BRIEF:
Return every line in the entries below where the word "over" shows up.

[Collected data]
▶

text \<open>Adjacency matrix (over the complex numbers, as required by the library's
  spectral radius).\<close>
definition adj_mat :: "nat \<Rightarrow> (nat \<Rightarrow> nat \<Rightarrow> bool) \<Rightarrow> complex mat" where
  "adj_mat n E = mat n n (\<lambda>(i,j). if E i j then 1 else 0)"

definition graph_spectral_radius :: "nat \<Rightarrow> (nat \<Rightarrow> nat \<Rightarrow> bool) \<Rightarrow> real" where
  "graph_spectral_radius n E = spectral_radius (adj_mat n E)"

text \<open>Join of a graph on {0..<n} with the edgeless graph on s vertices; the
  result lives on {0..<n+s}, the new vertices being n, ..., n+s-1.\<close>
definition join_empty :: "nat \<Rightarrow> (nat \<Rightarrow> nat \<Rightarrow> bool) \<Rightarrow> nat \<Rightarrow> nat \<Rightarrow> bool" where
  "join_empty n E i j \<longleftrightarrow> (i < n \<and> j < n \<and> E i j) \<or> (i < n \<and> \<not> j < n) \<or> (\<not> i < n \<and> j < n)"

end

theory Submission
  imports Defs "HOL-Analysis.Convex"
begin

(* Let G be d-regular and rho the largest root of x^2 = d x + n s. The vector that is rho on the
   vertices of G and n on the s added vertices is an eigenvector of the join of G with s
   independent vertices, with eigenvalue rho; so that join has spectral radius at least rho.
   On the other side lambda(H) <= lambda(G) <= d. The moduli of an eigenvector of the join of H for
   an eigenvalue of maximal modulus t form a nonnegative w <> 0 with t w <= A w entrywise.
   Bounding the part of A w coming from H by the Rayleigh quotient (at most d), and the sum of w
   over H by Cauchy-Schwarz, gives t^2 <= d t + n s, that is t <= rho.
   The Rayleigh bound x.Ax <= lambda(A) x.x for real symmetric A comes from power iteration: by
   Cauchy-Schwarz x.A^(2^m)x grows at least like (x.Ax / x.x)^(2^m) x.x, whereas the powers of
   A/r are bounded for every r > lambda(A). *)

definition matvec :: "(nat \<Rightarrow> nat \<Rightarrow> real) \<Rightarrow> nat \<Rightarrow> (nat \<Rightarrow> real) \<Rightarrow> nat \<Rightarrow> real" where
  "matvec a n x i = (\<Sum>j<n. a i j * x j)"

definition dot :: "nat \<Rightarrow> (nat \<Rightarrow> real) \<Rightarrow> (nat \<Rightarrow> real) \<Rightarrow> real" where
  "dot n x y = (\<Sum>i<n. x i * y i)"

lemma dot_self_nonneg: "0 \<le> dot n x x"
  unfolding dot_def by (intro sum_nonneg) simp

lemma dot_self_eq_0_iff: "dot n x x = 0 \<longleftrightarrow> (\<forall>i<n. x i = 0)"
  unfolding dot_def by (subst sum_nonneg_eq_0_iff) auto

lemma dot_Cauchy_Schwarz: "(dot n x y)\<^sup>2 \<le> dot n x x * dot n y y"
  using Cauchy_Schwarz_ineq_sum[of x y "{..<n}"] by (simp add: dot_def power2_eq_square)

lemma dot_matvec_commute:
  assumes "\<And>i j. i < n \<Longrightarrow> j < n \<Longrightarrow> a i j = a j i"
  shows "dot n (matvec a n x) y = dot n x (matvec a n y)"
proof -
  have "dot n (matvec a n x) y = (\<Sum>i<n. \<Sum>j<n. a i j * x j * y i)"
    unfolding dot_def matvec_def by (simp add: sum_distrib_right)
  also have "\<dots> = (\<Sum>j<n. \<Sum>i<n. a i j * x j * y i)"
    by (rule sum.swap)
  also have "\<dots> = dot n x (matvec a n y)"
    unfolding dot_def matvec_def using assms by (simp add: sum_distrib_left mult_ac)
  finally show ?thesis .
qed

lemma dot_iterate_matvec:
  assumes "\<And>i j. i < n \<Longrightarrow> j < n \<Longrightarrow> a i j = a j i"
  shows "dot n ((matvec a n ^^ j) x) ((matvec a n ^^ k) x) = dot n x ((matvec a n ^^ (j + k)) x)"
proof (induction j arbitrary: k)
  case 0
  show ?case by simp
next
  case (Suc j)
  have "dot n ((matvec a n ^^ Suc j) x) ((matvec a n ^^ k) x)
      = dot n ((matvec a n ^^ j) x) ((matvec a n ^^ Suc k) x)"
    by (simp add: dot_matvec_commute[OF assms])
  also have "\<dots> = dot n x ((matvec a n ^^ (Suc j + k)) x)"
    using Suc.IH[of "Suc k"] by simp
  finally show ?case .
qed

lemma dot_iterate_power2_ge:
  assumes sym: "\<And>i j. i < n \<Longrightarrow> j < n \<Longrightarrow> a i j = a j i"
    and "0 < dot n x x" and "0 \<le> dot n x (matvec a n x)"
  shows "(dot n x (matvec a n x) / dot n x x) ^ 2 ^ m * dot n x x \<le> dot n x ((matvec a n ^^ 2 ^ m) x)"
proof (induction m)
  case 0
  show ?case
    using \<open>0 < dot n x x\<close> by simp
next
  case (Suc m)
  define q where "q k = dot n x ((matvec a n ^^ k) x)" for k
  define t where "t = dot n x (matvec a n x) / dot n x x"
  have "0 \<le> t"
    using assms(2,3) by (simp add: t_def)
  have "q 0 * (t ^ 2 ^ Suc m * q 0) = (t ^ 2 ^ m * q 0)\<^sup>2"
    by (simp add: power2_eq_square power_mult_distrib power_mult mult_ac)
  also have "\<dots> \<le> (q (2 ^ m))\<^sup>2"
    using Suc.IH \<open>0 \<le> t\<close> \<open>0 < dot n x x\<close> by (intro power_mono) (simp_all add: q_def t_def)
  also have "\<dots> \<le> q 0 * q (2 ^ Suc m)"
    using dot_Cauchy_Schwarz[of n x "(matvec a n ^^ 2 ^ m) x"]
      dot_iterate_matvec[OF sym, where j = "2 ^ m" and k = "2 ^ m" and x = x]
    by (simp add: q_def mult_2)
  finally show ?case
    using \<open>0 < dot n x x\<close> by (simp add: q_def t_def)
qed

lemma dot_matvec_le_if_iterates_bounded:
  assumes sym: "\<And>i j. i < n \<Longrightarrow> j < n \<Longrightarrow> a i j = a j i"
    and bounded: "\<And>k. dot n x ((matvec a n ^^ k) x) \<le> C"
  shows "dot n x (matvec a n x) \<le> dot n x x"
proof (rule ccontr)
  assume "\<not> ?thesis"
  then have gt: "dot n x x < dot n x (matvec a n x)"
    by simp
  have "dot n x x \<noteq> 0"
  proof
    assume "dot n x x = 0"
    then have "\<forall>i<n. x i = 0"
      by (simp add: dot_self_eq_0_iff)
    then have "dot n x (matvec a n x) = 0"
      by (simp add: dot_def)
    with gt \<open>dot n x x = 0\<close> show False
      by simp
  qed
  then have x: "0 < dot n x x"
    using dot_self_nonneg[of n x] by linarith
  define t where "t = dot n x (matvec a n x) / dot n x x"
  have t: "1 < t"
    using x gt by (simp add: t_def)
  obtain m where "C / dot n x x < t ^ m"
    using real_arch_pow[OF t] by blast
  also have "\<dots> \<le> t ^ 2 ^ m"
    using t by (intro power_increasing) (auto intro: less_imp_le)
  finally have "C < t ^ 2 ^ m * dot n x x"
    using x by (simp add: field_simps)
  also have "\<dots> \<le> dot n x ((matvec a n ^^ 2 ^ m) x)"
    unfolding t_def using x gt by (intro dot_iterate_power2_ge[OF sym]) simp_all
  finally show False
    using bounded[of "2 ^ m"] by simp
qed

definition of_real_mat :: "nat \<Rightarrow> (nat \<Rightarrow> nat \<Rightarrow> real) \<Rightarrow> complex mat" where
  "of_real_mat n a = mat n n (\<lambda>(i, j). complex_of_real (a i j))"

definition of_real_vec :: "nat \<Rightarrow> (nat \<Rightarrow> real) \<Rightarrow> complex vec" where
  "of_real_vec n x = vec n (\<lambda>i. complex_of_real (x i))"

lemma of_real_mat_carrier [simp]: "of_real_mat n a \<in> carrier_mat n n"
  by (simp add: of_real_mat_def)

lemma of_real_vec_carrier [simp]: "of_real_vec n x \<in> carrier_vec n"
  by (simp add: of_real_vec_def)

lemma of_real_mat_mult_vec: "of_real_mat n a *\<^sub>v of_real_vec n x = of_real_vec n (matvec a n x)"
  by (rule eq_vecI) (simp_all add: of_real_mat_def of_real_vec_def matvec_def scalar_prod_def atLeast0LessThan)

lemma of_real_mat_power_mult_vec:
  "of_real_mat n a ^\<^sub>m k *\<^sub>v of_real_vec n x = of_real_vec n ((matvec a n ^^ k) x)"
proof (induction k arbitrary: x)
  case 0
  show ?case by (simp add: of_real_mat_def)
next
  case (Suc k)
  have "of_real_mat n a ^\<^sub>m Suc k *\<^sub>v of_real_vec n x
      = of_real_mat n a ^\<^sub>m k *\<^sub>v (of_real_mat n a *\<^sub>v of_real_vec n x)"
    by (simp del: assoc_mult_mat_vec add: assoc_mult_mat_vec[of _ n n _ n])
  also have "\<dots> = of_real_vec n ((matvec a n ^^ Suc k) x)"
    by (simp add: of_real_mat_mult_vec Suc.IH funpow_swap1)
  finally show ?case .
qed

lemma spectral_radius_nonneg:
  assumes "A \<in> carrier_mat n n" and "0 < n"
  shows "0 \<le> spectral_radius A"
  using spectral_radius_mem_max(1)[OF assms] by auto

lemma eigenvalue_smult_mat:
  fixes A :: "'a :: field mat"
  assumes A: "A \<in> carrier_mat n n" and "c \<noteq> 0" and "eigenvalue (c \<cdot>\<^sub>m A) e"
  shows "eigenvalue A (e / c)"
proof -
  obtain v where v: "v \<in> carrier_vec n" "v \<noteq> 0\<^sub>v n" and cAv: "(c \<cdot>\<^sub>m A) *\<^sub>v v = e \<cdot>\<^sub>v v"
    using assms by (auto simp: eigenvalue_def eigenvector_def)
  have "(c \<cdot>\<^sub>m A) *\<^sub>v v = c \<cdot>\<^sub>v (A *\<^sub>v v)"
    by (rule eq_vecI) (use A v in \<open>auto simp: scalar_prod_def sum_distrib_left mult.assoc\<close>)
  then have "A *\<^sub>v v = inverse c \<cdot>\<^sub>v (e \<cdot>\<^sub>v v)"
    using \<open>c \<noteq> 0\<close> by (simp add: cAv[symmetric] smult_smult_assoc)
  also have "\<dots> = (e / c) \<cdot>\<^sub>v v"
    by (simp add: smult_smult_assoc divide_inverse mult.commute)
  finally show ?thesis
    using A v by (auto simp: eigenvalue_def eigenvector_def)
qed

lemma spectral_radius_smult_le:
  assumes A: "A \<in> carrier_mat n n" and n: "0 < n" and c: "c \<noteq> 0"
  shows "spectral_radius (c \<cdot>\<^sub>m A) \<le> norm c * spectral_radius A"
proof -
  obtain e where "eigenvalue (c \<cdot>\<^sub>m A) e" and e: "spectral_radius (c \<cdot>\<^sub>m A) = norm e"
    using spectral_radius_mem_max(1)[of "c \<cdot>\<^sub>m A" n] A n by (auto simp: spectrum_def)
  then have "norm (e / c) \<le> spectral_radius A"
    using spectral_radius_mem_max(2)[OF A n] eigenvalue_smult_mat[OF A c] by (auto simp: spectrum_def)
  then show ?thesis
    using c by (simp add: e norm_divide field_simps)
qed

◀

SOLVED EXERCISE:
text \<open>Adjacency matrix (over the complex numbers, as required by the library's
   over H by Cauchy-Schwarz, gives t^2 <= d t + n s, that is t <= rho.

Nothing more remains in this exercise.